Doesn't capitalism's success and the collapse of Soviet communism prove Marx wrong?
It's too early to tell. But we mustn't underestimate the extraordinary influence Marx and his followers have had on our culture. Unionized labor, workmen's compensation, overtime pay, forty hour work weeks, even two-day weekends: these "perks" are basically capitalism's attempt to stave off discontentment by workers and ensure productivity--a huge step away from the slave-labor conditions of the industrial revolution that, prior to Marx's consciousness-raising movement, most workers simply accepted as their plight. The collapse of the USSR actually seems to prove Marx's argument: the powerful victimized the weak, the rich dominated the poor, a small elite lived off the fruits of the masses--albeit it within a "communist" framework--and the system finally went bankrupt and collapsed. We would like to think that such a thing couldn't happen in America or in Europe, but history has a way of socking us all with unexpected surprises.

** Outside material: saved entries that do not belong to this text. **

(* In the drift-less setting, let $\rho_d=|\Psi\rangle\langle\Psi|$ be QLS but not DQLS, and suppose $\mathcal H_0=\mathrm{span}\{|\Psi\rangle,|\Phi_1\rangle\}$ with $|\Psi\rangle,|\Phi_1\rangle$ orthonormal. Then there exists a QL Hamiltonian $H_c$ such that $H_c|\Psi\rangle=0$ and $H_c|\Phi_1\rangle\notin\mathcal H_0$.
   Context: $\mathcal H=\bigotimes_{a=1}^n\mathcal H_a$ finite-dimensional with neighborhoods $\mathcal N_k\subsetneq\{1,\dots,n\}$. QL operator: $X_{\mathcal N_k}\otimes I_{\bar{\mathcal N}_k}$; QL Hamiltonian: sum of Hermitian QL operators. $\mathcal L(H,\{D_k\})(\rho)=-i[H,\rho]+\sum_k(D_k\rho D_k^\dagger-\frac12\{D_k^\dagger D_k,\rho\})$. GAS: $e^{\mathcal Lt}(\rho_0)\to\rho_d$ for every density operator $\rho_0$. QLS: there exist a QL Hamiltonian $H_c$ and QL $D_k$ with $D_k|\Psi\rangle=0$, $H_c|\Psi\rangle\in\mathbb R|\Psi\rangle$, making $\rho_d$ GAS for $\mathcal L(H_c,\{D_k\})$; DQLS: same with $H_c=0$. $\mathcal H_0=\bigcap_k\mathrm{supp}(\rho_{\mathcal N_k}\otimes I_{\bar{\mathcal N}_k})$, $\rho_{\mathcal N_k}=\mathrm{Tr}_{\bar{\mathcal N}_k}\rho_d$. *)

theory Defs
  imports Complex_Main "HOL-Library.FuncSet"
begin

text \<open>
  Composite system of n subsystems (indexed 0..<n), subsystem a having
  dimension d a.  Computational basis states of the whole system are
  configurations x : {..<n} -> nat with x a < d a (extensional functions).
  Vectors are functions cfg => complex, operators cfg => cfg => complex
  (matrix entries w.r.t. the product basis); only entries on the basis
  configurations are meaningful.
\<close>

type_synonym cfg = "nat \<Rightarrow> nat"
type_synonym vec = "cfg \<Rightarrow> complex"
type_synonym op = "cfg \<Rightarrow> cfg \<Rightarrow> complex"
(* Let $q$ be a power of an odd prime, write $q-1=2^s r$ with $r$ odd, and let $c\in\mathbb{F}_q^*$. The functional graph of $f(X)=c(X^{q+1}-X^2)$ over $\mathbb{F}_{q^2}$ is isomorphic to $$\mathscr{Z}(q)\ \oplus\ \bigoplus_{d\mid r}\frac{\varphi(d)(q-1)}{2\,\mathrm{ord}_{3d}(4)}\times\big(Cyc(2\,\mathrm{ord}_{3d}(4)),\mathscr{T}(s)\big).$$
   Context: The functional graph of a map $f:\mathbb{F}_{q^2}\to\mathbb{F}_{q^2}$ is the directed graph with vertex set $\mathbb{F}_{q^2}$ and an edge $x\to f(x)$ for every $x$. $Cyc(n)$ is the directed cycle of length $n$. $\mathscr{T}(1)$ is the tree with two vertices $P_1,P$ and the edge $P_1\to P$ (root $P$); for $m\ge1$, $\mathscr{T}(m+1)$ is obtained from $\mathscr{T}(m)$ by attaching two new vertices, each with an edge directed to it, to every vertex of the last (top) level of $\mathscr{T}(m)$. $(Cyc(n),\mathscr{T}(m))$ is the graph obtained from $Cyc(n)$ by replacing each vertex of the cycle by a copy of $\mathscr{T}(m)$ whose root is that cycle vertex. $\mathscr{Z}(q)$ is the graph consisting of a vertex with a loop ($Cyc(1)$) to which $\frac{q-1}{2}$ copies of $\mathscr{T}(1)$ and $\frac{q-1}{2}$ copies of $\mathscr{T}(2)$ are attached, the root of each copy being identified with the fixed vertex. $\oplus$ denotes disjoint union and $k\times G$ denotes $k$ disjoint copies of $G$. $\varphi$ is Euler's totient function and $\mathrm{ord}_m(n)$ is the multiplicative order of $n$ modulo $m$. *)

theory Defs
  imports "HOL-Number_Theory.Number_Theory"
begin

text \<open>Functional graphs are represented as pairs (V, g) of a vertex set and the
  successor map (every vertex has exactly one outgoing edge x \<rightarrow> g x).\<close>

definition fg_iso :: "'a set \<times> ('a \<Rightarrow> 'a) \<Rightarrow> 'b set \<times> ('b \<Rightarrow> 'b) \<Rightarrow> bool" where
  "fg_iso G H \<longleftrightarrow> (\<exists>h. bij_betw h (fst G) (fst H) \<and>
      (\<forall>x\<in>fst G. h (snd G x) = snd H (h x)))"

text \<open>Tree T(m): root None; level k \<ge> 1 vertices are Some bs with length bs = k - 1.\<close>

definition tree_verts :: "nat \<Rightarrow> bool list option set" where
  "tree_verts m = insert None (Some ` {bs. length bs < m})"

fun tree_par :: "bool list option \<Rightarrow> bool list option" where
  "tree_par None = None"
| "tree_par (Some []) = None"
| "tree_par (Some (b # bs)) = Some bs"

text \<open>(Cyc(n), T(m)): vertex (i, t), i < n cycle index, t a vertex of the tree copy at i.\<close>

definition cyc_tree_verts :: "nat \<Rightarrow> nat \<Rightarrow> (nat \<times> bool list option) set" where
  "cyc_tree_verts n m = {0..<n} \<times> tree_verts m"

fun cyc_tree_map :: "nat \<Rightarrow> nat \<times> bool list option \<Rightarrow> nat \<times> bool list option" where
  "cyc_tree_map n (i, None) = (Suc i mod n, None)"
| "cyc_tree_map n (i, Some v) = (i, tree_par (Some v))"

text \<open>Z(q): fixed vertex None; Some (False, j, bs) are the non-root vertices of the j-th
  copy of T(1), Some (True, j, bs) those of the j-th copy of T(2).\<close>

definition Z_verts :: "nat \<Rightarrow> (bool \<times> nat \<times> bool list) option set" where
  "Z_verts q = insert None
     ({Some (False, j, bs) | j bs. j < (q - 1) div 2 \<and> length bs < 1} \<union>
      {Some (True, j, bs) | j bs. j < (q - 1) div 2 \<and> length bs < 2})"

fun Z_map :: "(bool \<times> nat \<times> bool list) option \<Rightarrow> (bool \<times> nat \<times> bool list) option" where
  "Z_map None = None"
| "Z_map (Some (k, j, [])) = None"
| "Z_map (Some (k, j, b # bs)) = Some (k, j, bs)"

definition cyc_len :: "nat \<Rightarrow> nat" where
  "cyc_len d = 2 * ord (3 * d) 4"

definition mult_d :: "nat \<Rightarrow> nat \<Rightarrow> nat" where
  "mult_d q d = totient d * (q - 1) div (2 * ord (3 * d) 4)"

text \<open>The target graph
  Z(q) \<oplus> \<Oplus>_{d | r} mult_d q d \<times> (Cyc(cyc_len d), T(s)).
  Component vertices: Inr (d, j, x) is vertex x of the j-th copy for divisor d.\<close>

definition target_verts :: "nat \<Rightarrow> nat \<Rightarrow> nat \<Rightarrow>
    ((bool \<times> nat \<times> bool list) option + nat \<times> nat \<times> nat \<times> bool list option) set" where
  "target_verts q r s = Inl ` Z_verts q \<union>
     Inr ` {(d, j, x) | d j x. d dvd r \<and> j < mult_d q d \<and> x \<in> cyc_tree_verts (cyc_len d) s}"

So what does all this mean? That the Democrats, because they are left wing, are on the side of workers and the Republicans, because they are on the right wing, are on the side of corporations?
The Democrats would love for you to think that way (unless you are a major CEO, of course!), but if it were true Ralph Nader's Green Party wouldn't have stolen so many progressive voters away from the Democrats in the 2000 Presidential elections. President Bill Clinton, who was savagely attacked by a well-funded and organized right wing throughout his two terms in office, was no lovechild of the left. Political critic Noam Chomsky, filmmaker Michael Moore, and publications like The Nation offered cogent and damning criticism of many of his policies (Moore termed Clinton "a Republican-in-disguise"). Clinton's support of gay rights, the legality of abortion, and increased regulation of environmental polluters got him branded as a "liberal," but in fact he was more of a centrist on many issues. However, it is a fact that corporate financial backing is increasingly going the way of the Republican Party. Democrats, on the other hand, depend largely on the largess of trial lawyers. Here's where we see the right-wing (pro-corporation) vs. left-wing (pro-Average-Joe) paradigm play out. As Republicans like former Senator Jesse Helms watched helplessly, Democrat-supported trial lawyers, working on behalf of "regular people" and in conjunction with many states' attorneys-general (not all of whom were Democrats), backed the tobacco industry into a corner then shamelessly shook them down. No small part of the economic prosperity of that decade was due to the exploitation of these fat-cat corporations. True Marxist leftism, however, would have disabled the tobacco industry and put it completely into the hands of its workers--its suppliers, secretaries, machine operators. Even trial lawyers would never go that far. They reaped huge settlements, increased their own personal fortunes, then retreated. The industry has suffered greatly but its infrastructure remains intact. So the mainstream, typically Democrat left wing is a far cry from the radical leftism espoused by Marx and still active outside the edifices of government by, for example, the anti-globalism movement.

So the Democrats aren't really left-wing?
Because the Republican Party has moved so far to the right, the Democrats seem left-wing, but in fact many Democrats are traditional centrists. The kind of Marxist leftists we have today proclaim themselves anarchists. They desire revolution. The mainstream television news media, however, largely ignore this movement and focus instead of the drama of Democrats versus Republicans--especially when it comes to issues central to the so-called "culture war" (gay rights, abortion, gun control, etc.) being waged in the United States. These "wars" have polarized the two parties like never before. In such a vitriolic environment, political centrism is more than just a position: it is the tie that binds.